Each OpenShift release contains, amongst many other things, a manifest of container images (and associated versions) that it will deploy, along with a built-in corresponding version of the OpenShift installer in binary format, as noted in the previous section above. When you deploy OpenShift you point to a given release, but usually this will be hidden from you - you'll simply pull the latest release and the installer will deploy OpenShift and pull the requested container images as per the manifest. In this lab we're going to be pulling a slightly customised OpenShift release so you'll get to see a bit of it.

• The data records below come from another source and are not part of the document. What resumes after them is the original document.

(* Let $\mathcal{A}$ be a complex Banach algebra with identity, $\lambda$ a nonzero complex number, and $M = \begin{pmatrix} A & B \\ C & D \end{pmatrix} \in M_2(\mathcal{A})$ with $A, D \in \mathcal{A}^d$. Suppose $BC, CB \in \mathcal{A}^d$ (so that the expressions below make sense), and $$BD = \lambda (BC)^\pi A B D^\pi \quad\text{and}\quad CA = \lambda (CB)^\pi D C A^\pi.$$ Put $P = \begin{pmatrix} A & 0 \\ 0 & D \end{pmatrix}$ and $Q = \begin{pmatrix} 0 & B \\ C & 0 \end{pmatrix}$, so $M=P+Q$, $P^d=\begin{pmatrix} A^d & 0 \\ 0 & D^d \end{pmatrix}$, $Q^d=\begin{pmatrix} 0 & B(CB)^d \\ C(BC)^d & 0 \end{pmatrix}$. Then $M \in M_2(\mathcal{A})^d$ and $$\begin{aligned} M^d ={}& \begin{pmatrix} A^d(BC)^\pi & A^\pi B(CB)^d \\ D^\pi C(BC)^d & D^d(CB)^\pi \end{pmatrix} + \sum_{n=0}^{\infty} (P^d)^{n+2} Q M^n Q^\pi + P^\pi \sum_{n=0}^{\infty} M^n P (Q^d)^{n+2} \\ &- \sum_{n=0}^{\infty} \sum_{k=0}^{\infty} (P^d)^{k+1} Q M^{n+k} P (Q^d)^{n+2} - \sum_{n=0}^{\infty} (P^d)^{n+2} Q M^n P Q^d.\end{aligned}$$
   Context: $M_2(\mathcal{A})$ is the Banach algebra of $2\times 2$ matrices over $\mathcal{A}$. $\mathcal{A}^{qnil}$ is the set of quasinilpotent elements ($\lim\|x^n\|^{1/n}=0$). An element $x$ of a Banach algebra has a generalized Drazin (g-Drazin) inverse $x^d$ if $x^d$ commutes with $x$, $x^d = x^dxx^d$ and $x - x^2x^d$ is quasinilpotent; $\mathcal{A}^d$ (resp. $M_2(\mathcal{A})^d$) denotes the set of g-Drazin invertible elements. The spectral idempotent is $x^\pi = 1 - xx^d$ (with $1$ the relevant identity). *)

theory Defs
  imports "HOL-Analysis.Analysis"
begin

text \<open>Isabelle's algebra classes are real; a complex Banach algebra with identity is a
 real unital Banach algebra with a compatible complex scalar multiplication.\<close>

class complex_banach_algebra_1 = real_normed_algebra_1 + banach +
  fixes scaleC :: "complex \<Rightarrow> 'a \<Rightarrow> 'a"
  assumes scaleC_add_right: "scaleC c (x + y) = scaleC c x + scaleC c y"
    and scaleC_add_left: "scaleC (c + d) x = scaleC c x + scaleC d x"
    and scaleC_scaleC: "scaleC c (scaleC d x) = scaleC (c * d) x"
    and scaleC_one: "scaleC 1 x = x"
    and scaleR_scaleC: "scaleR r x = scaleC (complex_of_real r) x"
    and norm_scaleC: "norm (scaleC c x) = cmod c * norm x"
    and mult_scaleC_left: "scaleC c x * y = scaleC c (x * y)"
    and mult_scaleC_right: "x * scaleC c y = scaleC c (x * y)"

definition quasinilpotent :: "'a::real_normed_algebra_1 \<Rightarrow> bool" where
  "quasinilpotent x \<longleftrightarrow> (\<lambda>n. root n (norm (x ^ n))) \<longlonglongrightarrow> 0"

definition is_gdrazin_inv :: "'a::real_normed_algebra_1 \<Rightarrow> 'a \<Rightarrow> bool" where
  "is_gdrazin_inv x y \<longleftrightarrow> y * x = x * y \<and> y = y * x * y \<and> quasinilpotent (x - x^2 * y)"

definition gdrazin_invertible :: "'a::real_normed_algebra_1 \<Rightarrow> bool" where
  "gdrazin_invertible x \<longleftrightarrow> (\<exists>y. is_gdrazin_inv x y)"

definition gd :: "'a::real_normed_algebra_1 \<Rightarrow> 'a" where
  "gd x = (THE y. is_gdrazin_inv x y)"

definition spi :: "'a::real_normed_algebra_1 \<Rightarrow> 'a" where
  "spi x = 1 - x * gd x"

text \<open>M_2(A) is modelled as \<open>'a^2^2\<close> with matrix product \<open>**\<close>, identity \<open>mat 1\<close>
 and the (complete, equivalent) product norm from HOL-Analysis.\<close>

definition mk2 :: "'a::zero \<Rightarrow> 'a \<Rightarrow> 'a \<Rightarrow> 'a \<Rightarrow> 'a^2^2" where
  "mk2 a b c d = (\<chi> i j. if i = 1 then (if j = 1 then a else b) else (if j = 1 then c else d))"

primrec mpow :: "'a::semiring_1^2^2 \<Rightarrow> nat \<Rightarrow> 'a^2^2" where
  "mpow X 0 = mat 1"
| "mpow X (Suc n) = X ** mpow X n"

definition quasinilpotent2 :: "'a::real_normed_algebra_1^2^2 \<Rightarrow> bool" where
  "quasinilpotent2 X \<longleftrightarrow> (\<lambda>n. root n (norm (mpow X n))) \<longlonglongrightarrow> 0"

definition is_gdrazin_inv2 :: "'a::real_normed_algebra_1^2^2 \<Rightarrow> 'a^2^2 \<Rightarrow> bool" where
  "is_gdrazin_inv2 X Y \<longleftrightarrow> Y ** X = X ** Y \<and> Y = Y ** X ** Y
     \<and> quasinilpotent2 (X - mpow X 2 ** Y)"

definition gdrazin_invertible2 :: "'a::real_normed_algebra_1^2^2 \<Rightarrow> bool" where
  "gdrazin_invertible2 X \<longleftrightarrow> (\<exists>Y. is_gdrazin_inv2 X Y)"

definition gd2 :: "'a::real_normed_algebra_1^2^2 \<Rightarrow> 'a^2^2" where
  "gd2 X = (THE Y. is_gdrazin_inv2 X Y)"

end

theory Submission
  imports Defs
begin

text \<open>Write \<open>M = P + Q\<close> with \<open>P = diag(A, D)\<close> and \<open>Q\<close> the off-diagonal part; \<open>P\<^sup>d\<close> is diagonal
  and \<open>Q\<^sup>d\<close> comes from Cline's formula \<open>(BC)\<^sup>d = B ((CB)\<^sup>d)\<^sup>2 C\<close>. In \<open>M\<^sub>2(\<A>)\<close> the two
  hypotheses together say \<open>Q P = \<lambda> Q\<^sup>\<pi> P Q P\<^sup>\<pi>\<close>. Multiplying by the spectral idempotents gives
  \<open>Q P\<^sup>d = 0\<close>, \<open>Q\<^sup>d P = 0\<close> and \<open>Q P = \<lambda> P Q\<close>; iterating this twisted commutation against the
  quasinilpotent parts \<open>P P\<^sup>\<pi>\<close> and \<open>Q Q\<^sup>\<pi>\<close> forces \<open>P\<^sup>d Q = 0\<close> and \<open>P Q\<^sup>d = 0\<close> as well. Then
  \<open>P\<^sup>d + Q\<^sup>d\<close> is the g-Drazin inverse of \<open>M\<close>: the only nontrivial point is that
  \<open>P P\<^sup>\<pi> + Q Q\<^sup>\<pi>\<close> is quasinilpotent, which holds because the sum of two \<open>\<lambda>\<close>-commuting
  quasinilpotents is quasinilpotent (a twisted binomial expansion). Finally every term of the
  series in the formula vanishes and its leading matrix equals \<open>P\<^sup>d + Q\<^sup>d\<close>.\<close>

section \<open>Quasinilpotent elements\<close>

lemma geometric_bound_if_root_tendsto_0:
  fixes f :: "nat \<Rightarrow> real"
  assumes nonneg: "\<And>n. f n \<ge> 0" and lim: "(\<lambda>n. root n (f n)) \<longlonglongrightarrow> 0" and \<epsilon>: "\<epsilon> > 0"
  shows "\<exists>C. \<forall>n. f n \<le> C * \<epsilon> ^ n"
proof -
  from lim \<epsilon> obtain N where N: "\<And>n. n \<ge> N \<Longrightarrow> root n (f n) < \<epsilon>"
    unfolding LIMSEQ_def dist_real_def by fastforce
  define C where "C = 1 + (\<Sum>n<Suc N. f n / \<epsilon> ^ n)"
  have C: "C \<ge> 1"
    unfolding C_def using nonneg \<epsilon> by (simp add: sum_nonneg del: sum.lessThan_Suc)
  have "f n \<le> C * \<epsilon> ^ n" for n
  proof (cases "n \<le> N")
    case True
    have "f n / \<epsilon> ^ n \<le> (\<Sum>n<Suc N. f n / \<epsilon> ^ n)"
      by (rule member_le_sum) (use True nonneg \<epsilon> in auto)
    hence "f n / \<epsilon> ^ n \<le> C" unfolding C_def by simp
    thus ?thesis using \<epsilon> by (simp add: divide_le_eq)
  next
    case False
    hence n: "n > 0" "n \<ge> N" by auto
    have "root n (f n) ^ n \<le> \<epsilon> ^ n"
      using N[OF n(2)] real_root_ge_zero[OF nonneg] by (intro power_mono) auto
    hence "f n \<le> \<epsilon> ^ n" using real_root_pow_pos2[OF n(1) nonneg] by simp
    also have "\<dots> \<le> C * \<epsilon> ^ n" using C \<epsilon> by simp
    finally show ?thesis .
  qed
  thus ?thesis by blast
qed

Provisioning/Bootstrap/Deployment

The way that we deploy OpenShift for KNI is very similar in process to how we would deploy OpenShift for other platforms like AWS, but there's a considerable amount more configuration going on behind the scenes to support baremetal deployments. When you deploy on AWS, the openshift-installer works interactively, asking you a minimal number of questions in order to get you bootstrapped - following the principal of "you get what you're given." The idea is that if you want to change things, you should do it post-deployment. This keeps things simple, consistent, and reliable from a deployment perspective.

For a bare metal IPI installation we do tend to do a bit more in a non-interactive fashion and call the installer through a manually configured install_config.yaml file.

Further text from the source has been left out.